Work to be completed:
Beginning with the line where "('b, 'd) mla_scheme" occurs, set down each line of the records through the final one, exactly and without additions.

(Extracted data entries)
Content starts

(* Let $\lambda=(\lambda_1,\dots,\lambda_I)$, $\mu=(\mu_1,\dots,\mu_J)$ be partitions of $n$, and let $\tau_{FY},\tau_{FY}^M,\tau_U,\tau_U^M$ be the relaxation times of the Markov chains $P_{FY},P_{FY}^M,P_U,P_U^M$ on $\mathcal{T}_{\lambda,\mu}$ defined in the context. Then (a) $\displaystyle\frac{m_{\lambda,\mu}^2(IJ)^2}{n^2}\tau_U^M\le\tau_U\le\frac{M_{\lambda,\mu}^2(IJ)^2}{n^2}\tau_U^M$; (b) $\displaystyle\frac{n^2}{(IJ)^2M_{\lambda,\mu}^4}\tau_{FY}^M\le\tau_{FY}\le\frac{n^2}{(IJ)^2m_{\lambda,\mu}^4}\tau_{FY}^M$. Moreover $m_{\lambda,\mu}\ge1$ and $M_{\lambda,\mu}\le\max_{i,j}\max(\lambda_i,\mu_j)$.
   Context: $\mathcal{T}_{\lambda,\mu}$ is the set of $I\times J$ nonnegative integer tables $\mathbf{x}=(x_{ij})$ with row sums $\lambda_i$ and column sums $\mu_j$. For $i_1\ne i_2$, $j_1\ne j_2$, $F_{(i_1,j_1),(i_2,j_2)}(\mathbf{x})$ subtracts $1$ at $(i_1,j_1),(i_2,j_2)$ and adds $1$ at $(i_1,j_2),(i_2,j_1)$. $\pi_{FY}(\mathbf{x})=\frac1{n!}\prod_{i,j}\frac{\lambda_i!\mu_j!}{x_{ij}!}$ is the Fisher–Yates distribution. $P_{FY}$: $P_{FY}(\mathbf{x},\mathbf{y})=2x_{i_1j_1}x_{i_2j_2}/n^2$ if $\mathbf{y}=F_{(i_1,j_1),(i_2,j_2)}(\mathbf{x})\ne\mathbf{x}$, remaining mass on $\mathbf{x}$ (stationary distribution $\pi_{FY}$). $P_U$: $P_U(\mathbf{x},\mathbf{y})=2/(IJ)^2$ if $\mathbf{y}=F_{(i_1,j_1),(i_2,j_2)}(\mathbf{x})\in\mathcal{T}_{\lambda,\mu}$, $\mathbf{y}\neq\mathbf{x}$, remaining mass on $\mathbf{x}$ (uniform stationary distribution). $P_U^M$ is the Metropolis chain with proposal $P_{FY}$ and target the uniform distribution: $P_U^M(\mathbf{x},\mathbf{y})=\min(P_{FY}(\mathbf{x},\mathbf{y}),P_{FY}(\mathbf{y},\mathbf{x}))$ for $\mathbf{y}\ne\mathbf{x}$. $P_{FY}^M$ is the Metropolis chain with proposal $P_U$ and target $\pi_{FY}$: $P_{FY}^M(\mathbf{x},\mathbf{y})=P_U(\mathbf{x},\mathbf{y})\min\left(1,\frac{\pi_{FY}(\mathbf{y})}{\pi_{FY}(\mathbf{x})}\right)$ for $\mathbf{y}\ne\mathbf{x}$; in both Metropolis chains the rejected mass stays at $\mathbf{x}$. The relaxation time of a reversible chain is $\tau=1/\gamma$ with $\gamma=1-\beta_2$ the spectral gap ($\beta_2$ the second largest eigenvalue). $m_{\lambda,\mu}=\min\{x_{ij}>0:\mathbf{x}\in\mathcal{T}_{\lambda,\mu}\}$ and $M_{\lambda,\mu}=\max\{x_{ij}:\mathbf{x}\in\mathcal{T}_{\lambda,\mu}\}$ (minimum positive entry and maximum entry over all tables). *)

theory Defs
  imports Complex_Main "Jordan_Normal_Form.Char_Poly"
begin
(* Let $F=\mathbb{F}_q$ be a finite field of characteristic not $2$, let $K=\mathbb{F}_{q^2}$ be its quadratic extension, $\sigma$ the non-trivial automorphism of $K/F$, and $d\in K$ with $K=F(d)$ and $d^2\in F$. Let $a\in K\setminus F$, $f(t)=t^2-a\in K[t;\sigma]$, $S_f=(K/F,\sigma,a)$ the nonassociative quaternion algebra, and $L_f=S_f\setminus\{0\}$ its multiplicative loop. (i) If $a\ne\lambda d$ for all $\lambda\in F^\times$, then $\mathrm{Aut}(L_f)$ contains a subgroup isomorphic to the cyclic group $\mathbb{Z}/(q+1)\mathbb{Z}$; all automorphisms in this subgroup are inner and extend to automorphisms of $S_f$. (ii) If $a=\lambda d$ for some $\lambda\in F^\times$, then $\mathrm{Aut}(L_f)$ contains a subgroup isomorphic to the dicyclic group of order $2q+2$, all of whose elements extend to automorphisms of $S_f$.
   Context: $K[t;\sigma]$ is the twisted polynomial ring with $tb=\sigma(b)t$ for $b\in K$. $(K/F,\sigma,a)=K[t;\sigma]/K[t;\sigma](t^2-a)$ is the set of polynomials $x_0+x_1t$ ($x_i\in K$) with multiplication $g\circ h=gh\bmod_r(t^2-a)$, the remainder of right division by $t^2-a$; for $a\in K\setminus F$ it is a proper semifield, and $L_f$ is the loop of its nonzero elements. An inner automorphism of $L_f$ is a loop automorphism of the form $x\mapsto (c_lx)c$ with $c_l$ the left inverse of $c$. The dicyclic group of order $4l$ is $\langle x,y\mid x^{2l}=1,\ y^2=x^l,\ y^{-1}xy=x^{-1}\rangle$. *)

theory Defs
  imports "HOL-Algebra.Elementary_Groups"
begin

(* Elements x0 + x1 t of S_f = (K/F, sigma, a) are represented as pairs (x0, x1) in K x K. *)

(* Multiplication g o h = g h mod_r (t^2 - a) in K[t;sigma], written out:
   (x0 + x1 t)(y0 + y1 t) = x0 y0 + x1 sigma(y1) t^2 + (x0 y1 + x1 sigma(y0)) t,
   and t^2 = 1 (t^2 - a) + a, so the right remainder replaces t^2 by a. *)
definition nq_mult :: "('k::field \<Rightarrow> 'k) \<Rightarrow> 'k \<Rightarrow> 'k \<times> 'k \<Rightarrow> 'k \<times> 'k \<Rightarrow> 'k \<times> 'k" where
  "nq_mult \<sigma> a x y =
     (fst x * fst y + snd x * \<sigma> (snd y) * a, fst x * snd y + snd x * \<sigma> (fst y))"

definition loop_carrier :: "('k::field \<times> 'k) set" where
  "loop_carrier = UNIV - {(0, 0)}"

definition loop_aut :: "('k::field \<Rightarrow> 'k) \<Rightarrow> 'k \<Rightarrow> ('k \<times> 'k \<Rightarrow> 'k \<times> 'k) \<Rightarrow> bool" where
  "loop_aut \<sigma> a \<phi> \<longleftrightarrow>
     bij_betw \<phi> loop_carrier loop_carrier \<and> \<phi> \<in> extensional loop_carrier \<and>
     (\<forall>x\<in>loop_carrier. \<forall>y\<in>loop_carrier. \<phi> (nq_mult \<sigma> a x y) = nq_mult \<sigma> a (\<phi> x) (\<phi> y))"

definition AutL :: "('k::field \<Rightarrow> 'k) \<Rightarrow> 'k \<Rightarrow> ('k \<times> 'k \<Rightarrow> 'k \<times> 'k) monoid" where
  "AutL \<sigma> a = \<lparr> carrier = {\<phi>. loop_aut \<sigma> a \<phi>},
                 mult = (\<lambda>\<phi> \<psi>. restrict (\<phi> \<circ> \<psi>) loop_carrier),
                 one = restrict id loop_carrier \<rparr>"

definition inner_aut :: "('k::field \<Rightarrow> 'k) \<Rightarrow> 'k \<Rightarrow> ('k \<times> 'k \<Rightarrow> 'k \<times> 'k) \<Rightarrow> bool" where
  "inner_aut \<sigma> a \<phi> \<longleftrightarrow> loop_aut \<sigma> a \<phi> \<and>
     (\<exists>c\<in>loop_carrier. \<exists>cl\<in>loop_carrier. nq_mult \<sigma> a cl c = (1, 0) \<and>
        (\<forall>x\<in>loop_carrier. \<phi> x = nq_mult \<sigma> a (nq_mult \<sigma> a cl x) c))"

(* F-algebra automorphisms of S_f, F = fixed field of sigma *)
definition alg_aut :: "('k::field \<Rightarrow> 'k) \<Rightarrow> 'k \<Rightarrow> ('k \<times> 'k \<Rightarrow> 'k \<times> 'k) \<Rightarrow> bool" where
  "alg_aut \<sigma> a \<Phi> \<longleftrightarrow> bij \<Phi> \<and>
     (\<forall>x y. \<Phi> (fst x + fst y, snd x + snd y) = (fst (\<Phi> x) + fst (\<Phi> y), snd (\<Phi> x) + snd (\<Phi> y))) \<and>
     (\<forall>l x. \<sigma> l = l \<longrightarrow> \<Phi> (l * fst x, l * snd x) = (l * fst (\<Phi> x), l * snd (\<Phi> x))) \<and>
     (\<forall>x y. \<Phi> (nq_mult \<sigma> a x y) = nq_mult \<sigma> a (\<Phi> x) (\<Phi> y))"

definition extends_to_alg_aut :: "('k::field \<Rightarrow> 'k) \<Rightarrow> 'k \<Rightarrow> ('k \<times> 'k \<Rightarrow> 'k \<times> 'k) \<Rightarrow> bool" where
  "extends_to_alg_aut \<sigma> a \<phi> \<longleftrightarrow> (\<exists>\<Phi>. alg_aut \<sigma> a \<Phi> \<and> (\<forall>x\<in>loop_carrier. \<Phi> x = \<phi> x))"

(* Dicyclic group of order 4l, concrete model: (k, e) stands for x^k y^e,
   k in {0..<2l}; relations x^(2l)=1, y^2 = x^l, y^-1 x y = x^-1. *)
definition dicyclic_group :: "nat \<Rightarrow> (int \<times> bool) monoid" where
  "dicyclic_group l = \<lparr> carrier = {0..<2 * int l} \<times> UNIV,
     mult = (\<lambda>(a, e) (b, f).
        if \<not> e then ((a + b) mod (2 * int l), f)
        else if \<not> f then ((a - b) mod (2 * int l), True)
        else ((a - b + int l) mod (2 * int l), False)),
     one = (0, False) \<rparr>"

end
(* Let $I$ be an ideal of a multiplicative Lie algebra $G$. Then $\dfrac{G}{I}\otimes\dfrac{G}{I}\cong\dfrac{G\otimes G}{(I\otimes G)(G\otimes I)}$.
   Context: A multiplicative Lie algebra is a group $(G,\cdot)$ with a binary operation $\star$ such that for all $x,y,z\in G$: $x\star x=1$; $x\star(yz)=(x\star y)\,{}^y(x\star z)$; $(xy)\star z={}^x(y\star z)(x\star z)$; $((x\star y)\star{}^yz)((y\star z)\star{}^zx)((z\star x)\star{}^xy)=1$; ${}^z(x\star y)={}^zx\star{}^zy$, where ${}^xy=xyx^{-1}$. An ideal is a normal subgroup $I$ with $x\star y\in I$ for all $x\in G,y\in I$. The tensor square $G\otimes G$ is the multiplicative Lie algebra generated by symbols $x\otimes y$ ($x,y\in G$) subject to, for all $x,x',y,y'\in G$: $x\otimes(yy')=(x\otimes y)({}^yx\otimes{}^yy')$; $(xx')\otimes y=({}^xx'\otimes{}^xy)(x\otimes y)$; $((x\star x')\otimes{}^{x'}y)({}^yx\otimes(x'\star y))^{-1}({}^xx'\otimes(x\star y)^{-1})^{-1}=1$; $({}^{y'}x\otimes(y\star y'))((y\star x)^{-1}\otimes{}^yy')^{-1}((y'\star x)\otimes{}^xy)^{-1}=1$; and $(x\otimes y)\star(x'\otimes y')=(y\star x)^{-1}\otimes(x'\star y')$. $I\otimes G$ (resp. $G\otimes I$) is the subgroup of $G\otimes G$ generated by all $a\otimes b$ with $a\in I,b\in G$ (resp. $a\in G,b\in I$). *)

theory Defs
  imports "HOL-Algebra.Algebra"
begin

record 'a mla = "'a monoid" + star :: "'a \<Rightarrow> 'a \<Rightarrow> 'a"

definition conjg :: "('a, 'b) mla_scheme \<Rightarrow> 'a \<Rightarrow> 'a \<Rightarrow> 'a" where
  "conjg G x y = x \<otimes>\<^bsub>G\<^esub> y \<otimes>\<^bsub>G\<^esub> inv\<^bsub>G\<^esub> x"

definition mult_lie_alg :: "('a, 'b) mla_scheme \<Rightarrow> bool" where
  "mult_lie_alg G \<longleftrightarrow> group G
   \<and> (\<forall>x\<in>carrier G. \<forall>y\<in>carrier G. star G x y \<in> carrier G)
   \<and> (\<forall>x\<in>carrier G. star G x x = \<one>\<^bsub>G\<^esub>)
   \<and> (\<forall>x\<in>carrier G. \<forall>y\<in>carrier G. \<forall>z\<in>carrier G.
        star G x (y \<otimes>\<^bsub>G\<^esub> z) = star G x y \<otimes>\<^bsub>G\<^esub> conjg G y (star G x z))
   \<and> (\<forall>x\<in>carrier G. \<forall>y\<in>carrier G. \<forall>z\<in>carrier G.
        star G (x \<otimes>\<^bsub>G\<^esub> y) z = conjg G x (star G y z) \<otimes>\<^bsub>G\<^esub> star G x z)
   \<and> (\<forall>x\<in>carrier G. \<forall>y\<in>carrier G. \<forall>z\<in>carrier G.
        star G (star G x y) (conjg G y z) \<otimes>\<^bsub>G\<^esub> star G (star G y z) (conjg G z x)
          \<otimes>\<^bsub>G\<^esub> star G (star G z x) (conjg G x y) = \<one>\<^bsub>G\<^esub>)
   \<and> (\<forall>x\<in>carrier G. \<forall>y\<in>carrier G. \<forall>z\<in>carrier G.
        conjg G z (star G x y) = star G (conjg G z x) (conjg G z y))"

definition mla_ideal :: "'a set \<Rightarrow> ('a, 'b) mla_scheme \<Rightarrow> bool" where
  "mla_ideal I G \<longleftrightarrow> normal I G \<and> (\<forall>x\<in>carrier G. \<forall>y\<in>I. star G x y \<in> I)"

definition mla_hom :: "('a, 'c) mla_scheme \<Rightarrow> ('b, 'd) mla_scheme \<Rightarrow> ('a \<Rightarrow> 'b) set" where
  "mla_hom G H = {h. h \<in> hom G H \<and>
     (\<forall>x\<in>carrier G. \<forall>y\<in>carrier G. h (star G x y) = star H (h x) (h y))}"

Content ends

Exercise output:
definition mla_hom :: "('a, 'c) mla_scheme \<Rightarrow> ('b, 'd) mla_scheme \<Rightarrow> ('a \<Rightarrow> 'b) set" where
  "mla_hom G H = {h. h \<in> hom G H \<and>
     (\<forall>x\<in>carrier G. \<forall>y\<in>carrier G. h (star G x y) = star H (h x) (h y))}"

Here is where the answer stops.